We consider an inventory routing problem with stochastic demand where the demand is expressed in a probabilistic sense and it is dynamic in which the demand is gradually revealed at the end of each period. The problem is known as dynamic and stochastic inventory routing problem (DSIRP). DSIRP distribution network consists of a supplier and a set of retailers is considered. A limited number of single product is assumed to be produced by the supplier and a holding cost per unit product is incurred at both the supplier. The demand is assumed to follow the binomial probability distribution. We adopt an order-up-to level inventory policy and each unit of positive inventory at the retailer is incurred a holding cost, while the unmet demand (stock-out) is penalized. We assumed that the transportation of the product from supplier to the retailers is handled by a third party. The aim of DSIRP is to minimize the total expected cost which includes the inventory cost at supplier, inventory cost at retailers, stockout cost at retailers and transportation cost.
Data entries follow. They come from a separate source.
lemma bcirc_z_qt_prod:
  assumes X: "is_tensor n1 n2 n3 X" and Y: "is_tensor n2 m n3 Y"
  shows "bcirc_z n1 m n3 (qt_prod n1 n2 m n3 X Y) = bcirc_z n1 n2 n3 X * bcirc_z n2 m n3 Y"
proof (rule eq_mat_blocksI[OF bcirc_z_carrier mult_carrier_mat[OF bcirc_z_carrier bcirc_z_carrier]])
  fix p a q b assume idx: "p < n3" "q < n3" "a < n1" "b < m"
  then have n3: "0 < n3" by simp
  define Z where "Z = qt_prod n1 n2 m n3 X Y"
  define entry_prod where "entry_prod f g A B = (\<Sum>c<n2. f (A $$ (a, c)) * g (B $$ (c, b)))"
    for f g :: "quat \<Rightarrow> quat" and A B :: "quat mat"
  let ?XY = "(bcirc_z n1 n2 n3 X * bcirc_z n2 m n3 Y) $$ (p * n1 + a, q * m + b)"
  let ?X = "cslice n3 X" and ?Y = "cslice n3 Y" and ?d = quat_dpart and ?j = quat_jpart
  note XY = index_bcirc_z_mult[OF X Y idx]
  have "?d ?XY = (\<Sum>r<n3. entry_prod ?d ?d (?X (int p - int r)) (?Y (int r - int q)))
               + (\<Sum>r<n3. entry_prod ?j ?j (?X (int p + int r)) (?Y (int r + int q)))"
    by (simp add: XY entry_prod_def quat_dpart_sum quat_dpart_mult sum.distrib)
  also have "\<dots> = (\<Sum>r<n3. entry_prod ?d ?d (?X (int p - int q - int r)) (?Y (int r)))
                 + (\<Sum>r<n3. entry_prod ?j ?j (?X (int p - int q + int r)) (?Y (int r)))"
    using sum_cslice_shift(1)[where f = "entry_prod ?d ?d" and u = "int p" and c = "- int q"]
      sum_cslice_shift(2)[where f = "entry_prod ?j ?j" and u = "int p" and c = "int q"]
    by simp
  also have "\<dots> = ?d (cslice n3 Z (int p - int q) $$ (a, b))"
    using idx n3 X Y by (simp add: Z_def index_cslice_qt_prod entry_prod_def quat_dpart_sum quat_dpart_mult sum.distrib)
  finally have dpart: "?d ?XY = ?d (cslice n3 Z (int p - int q) $$ (a, b))" .
  have "?j ?XY = (\<Sum>r<n3. entry_prod ?d ?j (?X (int p - int r)) (?Y (int r + int q)))
               + (\<Sum>r<n3. entry_prod ?j ?d (?X (int p + int r)) (?Y (int r - int q)))"
    by (simp add: XY entry_prod_def quat_jpart_sum quat_jpart_mult sum.distrib)
  also have "\<dots> = (\<Sum>r<n3. entry_prod ?d ?j (?X (int p + int q - int r)) (?Y (int r)))
                 + (\<Sum>r<n3. entry_prod ?j ?d (?X (int p + int q + int r)) (?Y (int r)))"
    using sum_cslice_shift(1)[where f = "entry_prod ?d ?j" and u = "int p" and c = "int q"]
      sum_cslice_shift(2)[where f = "entry_prod ?j ?d" and u = "int p" and c = "- int q"]
    by simp
  also have "\<dots> = ?j (cslice n3 Z (int p + int q) $$ (a, b))"
    using idx n3 X Y by (simp add: Z_def index_cslice_qt_prod entry_prod_def quat_jpart_sum quat_jpart_mult sum.distrib)
  finally have jpart: "?j ?XY = ?j (cslice n3 Z (int p + int q) $$ (a, b))" .
  have "bcirc_z n1 m n3 Z $$ (p * n1 + a, q * m + b)
      = ?d (cslice n3 Z (int p - int q) $$ (a, b)) + ?j (cslice n3 Z (int p + int q) $$ (a, b))"
    using idx by (simp add: Z_def index_bcirc_z is_tensor_qt_prod)
  then show "bcirc_z n1 m n3 Z $$ (p * n1 + a, q * m + b) = ?XY"
    unfolding dpart[symmetric] jpart[symmetric] quat_dpart_plus_jpart .
qed

section \<open>Invertibility\<close>

lemma invertible_mat_iff_two_sided_inverse:
  assumes A: "A \<in> carrier_mat n n"
  shows "invertible_mat A \<longleftrightarrow> (\<exists>B \<in> carrier_mat n n. A * B = 1\<^sub>m n \<and> B * A = 1\<^sub>m n)"
proof
  assume "invertible_mat A"
  then obtain B where AB: "A * B = 1\<^sub>m n" and BA: "B * A = 1\<^sub>m (dim_row B)"
    using A unfolding invertible_mat_def inverts_mat_def by auto
  moreover have "B \<in> carrier_mat n n"
    using arg_cong[OF AB, of dim_col] arg_cong[OF BA, of dim_col] A by auto
  ultimately show "\<exists>B \<in> carrier_mat n n. A * B = 1\<^sub>m n \<and> B * A = 1\<^sub>m n"
    by auto
qed (use A in \<open>auto simp: invertible_mat_def inverts_mat_def\<close>)

lemma qt_invertible_imp_invertible_bcirc_z:
  assumes n3: "0 < n3" and M: "is_tensor n n n3 M" and inv: "qt_invertible n n3 M"
  shows "invertible_mat (bcirc_z n n n3 M)"
proof -
  obtain N where N: "is_tensor n n n3 N" and MN: "qt_prod n n n n3 M N = ident_tensor n n3"
    and NM: "qt_prod n n n n3 N M = ident_tensor n n3"
    using inv by (auto simp: qt_invertible_def)
  have "bcirc_z n n n3 M * bcirc_z n n n3 N = 1\<^sub>m (n * n3)"
    using bcirc_z_qt_prod[OF M N] MN bcirc_z_ident_tensor[OF n3] by simp
  moreover have "bcirc_z n n n3 N * bcirc_z n n n3 M = 1\<^sub>m (n * n3)"
    using bcirc_z_qt_prod[OF N M] NM bcirc_z_ident_tensor[OF n3] by simp
  ultimately show ?thesis
    using invertible_mat_iff_two_sided_inverse[OF bcirc_z_carrier] bcirc_z_carrier by blast
qed

lemma qt_invertible_if_bcirc_z_inverse:
  assumes n3: "0 < n3" and M: "is_tensor n n n3 M" and B: "B \<in> carrier_mat (n * n3) (n * n3)"
    and MB: "bcirc_z n n n3 M * B = 1\<^sub>m (n * n3)" and BM: "B * bcirc_z n n n3 M = 1\<^sub>m (n * n3)"
  shows "qt_invertible n n3 M"
proof -
  let ?I = "ident_tensor n n3" and ?E = "unfold_t n n n3 (ident_tensor n n3)"
  have E: "?E \<in> carrier_mat (n * n3) n"
    by (rule unfold_t_carrier)
  have Mz: "bcirc_z n n n3 M \<in> carrier_mat (n * n3) (n * n3)"
    by (rule bcirc_z_carrier)
  have fold_E: "fold_t n n n3 ?E = ?I"
    by (rule fold_unfold_t[OF is_tensor_ident_tensor[OF n3]])
  define N where "N = fold_t n n n3 (B * ?E)"
  have N: "is_tensor n n n3 N"
    by (simp add: N_def is_tensor_fold_t)
  have "qt_prod n n n n3 M N = fold_t n n n3 ((bcirc_z n n n3 M * B) * ?E)"
    using B E Mz by (simp add: qt_prod_def N_def unfold_fold_t assoc_mult_mat)
  then have MN: "qt_prod n n n n3 M N = ?I"
    using MB E fold_E by simp
  have "bcirc_z n n n3 N = (B * bcirc_z n n n3 M) * bcirc_z n n n3 N"
    using BM bcirc_z_carrier[of n n n3 N] by simp
  also have "\<dots> = B * (bcirc_z n n n3 M * bcirc_z n n n3 N)"
    by (rule assoc_mult_mat[OF B Mz bcirc_z_carrier])
  also have "\<dots> = B"
    using B by (simp flip: bcirc_z_qt_prod[OF M N] add: MN bcirc_z_ident_tensor[OF n3])
  finally have "qt_prod n n n n3 N M = fold_t n n n3 ((B * bcirc_z n n n3 M) * ?E)"
    using B E Mz by (simp add: qt_prod_def bcirc_z_mult_unfold_ident[OF M] assoc_mult_mat)
  then have NM: "qt_prod n n n n3 N M = ?I"
    using BM E fold_E by simp
  show ?thesis
    unfolding qt_invertible_def using N MN NM by blast
qed
(* Let $v_1\ge v_2>0$, $m\in\mathbb{Z}_{\ge1}$ and $0<b<m$. If a strategy profile $(X,Y)$ with $\mathbf{E}(X)=m$ and $\mathbf{E}(Y)=b$ is a Nash equilibrium of the discrete all-pay auction with valuations $v_1,v_2$, then $Y=\left(1-\frac bm\right)\delta_0+\frac bm Z$, where: (a) if $m=1$: $Z=\lambda_{\mathrm{O}}U_{\mathrm{O}}^1+\lambda_{\mathrm{E}}U_{\mathrm{E}}^1$ with $\lambda_{\mathrm{O}},\lambda_{\mathrm{E}}\ge0$, $\lambda_{\mathrm{O}}+\lambda_{\mathrm{E}}=1$, $\frac{\lambda_{\mathrm{E}}}{2}\ge1-\frac{2}{bv_1}$ and $\frac{\lambda_{\mathrm{E}}}{2}\le\frac1b-\frac{2}{bv_1}$; (b) if $m\ge2$: $Z=\lambda_{\mathrm{O}}U_{\mathrm{O}}^m+\lambda_{\mathrm{E}}U_{\mathrm{E}}^m+\lambda_{\mathrm{O}\uparrow1}U_{\mathrm{O}\uparrow1}^m+\sum_{j=1}^{m-1}\lambda_jW_j^m$ with $\lambda_{\mathrm{O}},\lambda_{\mathrm{E}},\lambda_{\mathrm{O}\uparrow1},\lambda_1,\dots,\lambda_{m-1}\ge0$, $\lambda_{\mathrm{O}}+\lambda_{\mathrm{E}}+\lambda_{\mathrm{O}\uparrow1}+\sum_{j=1}^{m-1}\lambda_j=1$, $\frac{\lambda_{\mathrm{E}}}{m+1}+\frac{1}{2m}\sum_{j=1}^{m-1}\lambda_j\le\frac mb\left(1-\frac{v_2}{v_1}\right)$, $\frac{\lambda_{\mathrm{O}}}{m}+\frac{\lambda_{\mathrm{E}}}{m+1}+\frac{\lambda_{\mathrm{O}\uparrow1}}{m-1}+\frac{1}{m}\sum_{j=1}^{m-1}\lambda_j=\frac{2m}{bv_1}$, and, in the case $b>m-1$, $\frac{1}{2m}\sum_{j=1}^{m-1}\lambda_j+\frac{\lambda_{\mathrm{O}\uparrow1}}{m-1}\le\frac{m-b}{b}$.
   Context: Discrete all-pay auction: two players, 1 and 2, value a prize at $v_1$ and $v_2$ respectively, where $v_1\ge v_2>0$. A (mixed) strategy is a probability distribution on $\mathbb{Z}_{\ge 0}$ with finite mean, identified with a $\mathbb{Z}_{\ge0}$-valued random variable; the two players' choices are independent. If player 1 uses $X$ and player 2 uses $Y$, the expected payoffs are $P^1(X,Y)=v_1\Pr(X>Y)+\frac{v_1}{2}\Pr(X=Y)-\mathbf{E}(X)$ and $P^2(Y,X)=v_2\Pr(Y>X)+\frac{v_2}{2}\Pr(X=Y)-\mathbf{E}(Y)$. A Nash equilibrium of the all-pay auction is a pair $(X,Y)$ with $P^1(X,Y)\ge P^1(X',Y)$ and $P^2(Y,X)\ge P^2(Y',X)$ for all strategies $X',Y'$. $\delta_j$ denotes the point mass at $j$; $\lambda A+(1-\lambda)B$ denotes the mixture of distributions $A$ and $B$ (similarly for longer convex combinations). Special distributions: for $m\ge1$, $U_{\mathrm{O}}^m$ is the uniform distribution on $\{1,3,\dots,2m-1\}$; for $m\ge0$, $U_{\mathrm{E}}^m$ is the uniform distribution on $\{0,2,\dots,2m\}$; for $m\ge2$, $U_{\mathrm{O}\uparrow1}^m$ is the uniform distribution on $\{2,4,\dots,2m-2\}$; for $m\ge2$ and $1\le j\le m-1$, $W_j^m=\frac{1}{2m}\delta_0+\sum_{i=1}^{j-1}\frac1m\delta_{2i}+\frac{1}{2m}\delta_{2j}+\sum_{i=j+1}^{m}\frac1m\delta_{2i-1}$. *)

theory Defs
  imports "HOL-Probability.Probability"
begin
lemma ext_trans:
  assumes a: "a \<in> L" and b: "b \<in> ext a"
  shows "ext b \<subseteq> ext a"
proof
  fix x assume "x \<in> ext b"
  obtain \<mu> where \<mu>: "\<mu> \<in> L" "s a = r \<mu>" "b = c a \<mu>"
    using b unfolding ext_set_def by auto
  obtain \<nu> where \<nu>: "\<nu> \<in> L" "s b = r \<nu>" "x = c b \<nu>"
    using \<open>x \<in> ext b\<close> unfolding ext_set_def by auto
  have "s \<mu> = r \<nu>"
    using source_comp a \<mu> \<nu> by simp
  then have "x = c a (c \<mu> \<nu>)" "c \<mu> \<nu> \<in> L" "r (c \<mu> \<nu>) = r \<mu>"
    using comp_assoc comp_closed range_comp a \<mu> \<nu> by simp_all
  with \<mu> show "x \<in> ext a"
    unfolding ext_set_def by auto
qed

lemma filters_subset: "x \<in> filters L r s c \<Longrightarrow> x \<subseteq> L"
  unfolding filters_def by blast

lemma filter_meets_generators:
  assumes x: "x \<in> filters L r s c" and "a \<in> x" "b \<in> x" "J \<subseteq> L"
    and gen: "ext a \<inter> ext b = (\<Union>k\<in>J. ext k)"
  shows "J \<inter> x \<noteq> {}"
proof -
  obtain e where "e \<in> x" "e \<in> ext a \<inter> ext b"
    using x \<open>a \<in> x\<close> \<open>b \<in> x\<close> unfolding filters_def prec_def by blast
  then obtain k where "k \<in> J" "e \<in> ext k"
    using gen by blast
  with x \<open>e \<in> x\<close> \<open>J \<subseteq> L\<close> have "k \<in> x"
    unfolding filters_def prec_def by blast
  with \<open>k \<in> J\<close> show ?thesis
    by blast
qed

lemma generator_in_ext_Int:
  "k \<in> J \<Longrightarrow> J \<subseteq> L \<Longrightarrow> ext a \<inter> ext b = (\<Union>k\<in>J. ext k) \<Longrightarrow> k \<in> ext a \<inter> ext b"
  using ext_refl by blast

lemma filters_subset_generator_cover:
  assumes "J \<subseteq> L" "ext a \<inter> ext b = (\<Union>k\<in>J. ext k)"
  shows "filters L r s c \<subseteq> \<Union>({cylinder L {} {a}, cylinder L {} {b}} \<union> (\<lambda>k. cylinder L {k} {}) ` J)"
proof
  fix x assume x: "x \<in> filters L r s c"
  show "x \<in> \<Union>({cylinder L {} {a}, cylinder L {} {b}} \<union> (\<lambda>k. cylinder L {k} {}) ` J)"
  proof (cases "a \<in> x \<and> b \<in> x")
    case True
    then have "J \<inter> x \<noteq> {}"
      using filter_meets_generators[OF x _ _ assms] by simp
    then obtain k where "k \<in> J" "k \<in> x"
      by blast
    then have "x \<in> cylinder L {k} {}" "cylinder L {k} {} \<in> (\<lambda>k. cylinder L {k} {}) ` J"
      using filters_subset[OF x] unfolding cylinder_def by auto
    then show ?thesis
      by blast
  next
    case False
    then have "x \<in> cylinder L {} {a} \<union> cylinder L {} {b}"
      using filters_subset[OF x] unfolding cylinder_def by auto
    then show ?thesis
      by blast
  qed
qed

lemma principal_filter_in_filters:
  assumes "k \<in> L" shows "principal_filter L r s c k \<in> filters L r s c"
proof -
  let ?y = "principal_filter L r s c k"
  have "?y \<subseteq> L" "k \<in> ?y"
    using assms ext_refl unfolding principal_filter_def by auto
  moreover have "e \<in> ?y" if "e \<in> L" "m \<in> ?y" "prec L r s c e m" for e m
    using that ext_trans unfolding principal_filter_def prec_def by blast
  moreover have "prec L r s c m k" if "m \<in> ?y" for m
    using that unfolding principal_filter_def prec_def by blast
  ultimately show ?thesis
    unfolding filters_def by blast
qed

lemma generators_meet_or_cylinder_nbhd:
  assumes y: "y \<subseteq> L" "a \<in> y" "b \<in> y" and J: "finite J" "J \<subseteq> L"
    and gen: "ext a \<inter> ext b = (\<Union>k\<in>J. ext k)"
  obtains k where "k \<in> J" "k \<in> y" | "cylinder_nbhd L y (- filters L r s c)"
proof (cases "J \<inter> y = {}")
  case True
  have "y \<in> cylinder L {a, b} J"
    using y True unfolding cylinder_def by auto
  moreover have "cylinder L {a, b} J \<subseteq> - filters L r s c"
  proof
    fix x assume "x \<in> cylinder L {a, b} J"
    then have "a \<in> x" "b \<in> x" "J \<inter> x = {}"
      unfolding cylinder_def by auto
    then show "x \<in> - filters L r s c"
      using filter_meets_generators J(2) gen by blast
  qed
  ultimately have "cylinder_nbhd L y (- filters L r s c)"
    unfolding cylinder_nbhd_def using y J by (intro exI[of _ "{a, b}"] exI[of _ J]) auto
  then show ?thesis
    by (rule that(2))
next
  case False
  then show ?thesis
    using that(1) by blast
qed

lemma cylinder_nbhd_non_directed:
  assumes la: "la \<in> FA L r s c" and y: "y \<subseteq> L" "la \<in> y" "m \<in> y" "n \<in> y"
    and no_ub: "\<not> (\<exists>e\<in>y. prec L r s c m e \<and> prec L r s c n e)"
  shows "cylinder_nbhd L y (- filters L r s c)"
proof -
  have FA: "\<exists>J. finite J \<and> J \<subseteq> L \<and> ext \<mu> \<inter> ext \<nu> = (\<Union>k\<in>J. ext k)"
    if "\<mu> \<in> ext la" "\<nu> \<in> L" for \<mu> \<nu>
    using la that unfolding FA_def by blast
  have "la \<in> L" "m \<in> L" "n \<in> L"
    using y by auto
  then obtain J1 where J1: "finite J1" "J1 \<subseteq> L" "ext la \<inter> ext m = (\<Union>k\<in>J1. ext k)"
    using FA[OF ext_refl[OF \<open>la \<in> L\<close>] \<open>m \<in> L\<close>] by blast
  show ?thesis
  proof (rule generators_meet_or_cylinder_nbhd[OF y(1,2,3) J1])
    fix k assume "k \<in> J1" "k \<in> y"
    then have "k \<in> ext la" "k \<in> ext m"
      using generator_in_ext_Int[OF _ J1(2,3)] by blast+
    \<comment> \<open>As k \<in> la\<Lambda>, the hypothesis la \<in> FA also makes k\<Lambda> \<inter> n\<Lambda> finitely generated.\<close>
    obtain J2 where J2: "finite J2" "J2 \<subseteq> L" "ext k \<inter> ext n = (\<Union>k\<in>J2. ext k)"
      using FA[OF \<open>k \<in> ext la\<close> \<open>n \<in> L\<close>] by blast
    show ?thesis
    proof (rule generators_meet_or_cylinder_nbhd[OF y(1) \<open>k \<in> y\<close> y(4) J2])
      fix k2 assume "k2 \<in> J2" "k2 \<in> y"
      then have "k2 \<in> ext k" "k2 \<in> ext n"
        using generator_in_ext_Int[OF _ J2(2,3)] by blast+
      moreover have "ext k \<subseteq> ext m"
        using ext_trans[OF \<open>m \<in> L\<close> \<open>k \<in> ext m\<close>] .
      ultimately have "prec L r s c m k2" "prec L r s c n k2"
        unfolding prec_def by auto
      with no_ub \<open>k2 \<in> y\<close> show ?thesis
        by blast
    qed
  qed
qed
The DSIRP is modeled as a Markov decision process (MDP) where the state in period t is represented as the inventory level for all retailers. A hybrid rollout algorithm where a Mixed Integer Linear Programming of the problem is used to obtain the control in each state. We also proposed an Artificial Bee Colony (ABC) algorithm to obtain a feasible and better controls. Computational experiments is conducted using an existing benchmark problem.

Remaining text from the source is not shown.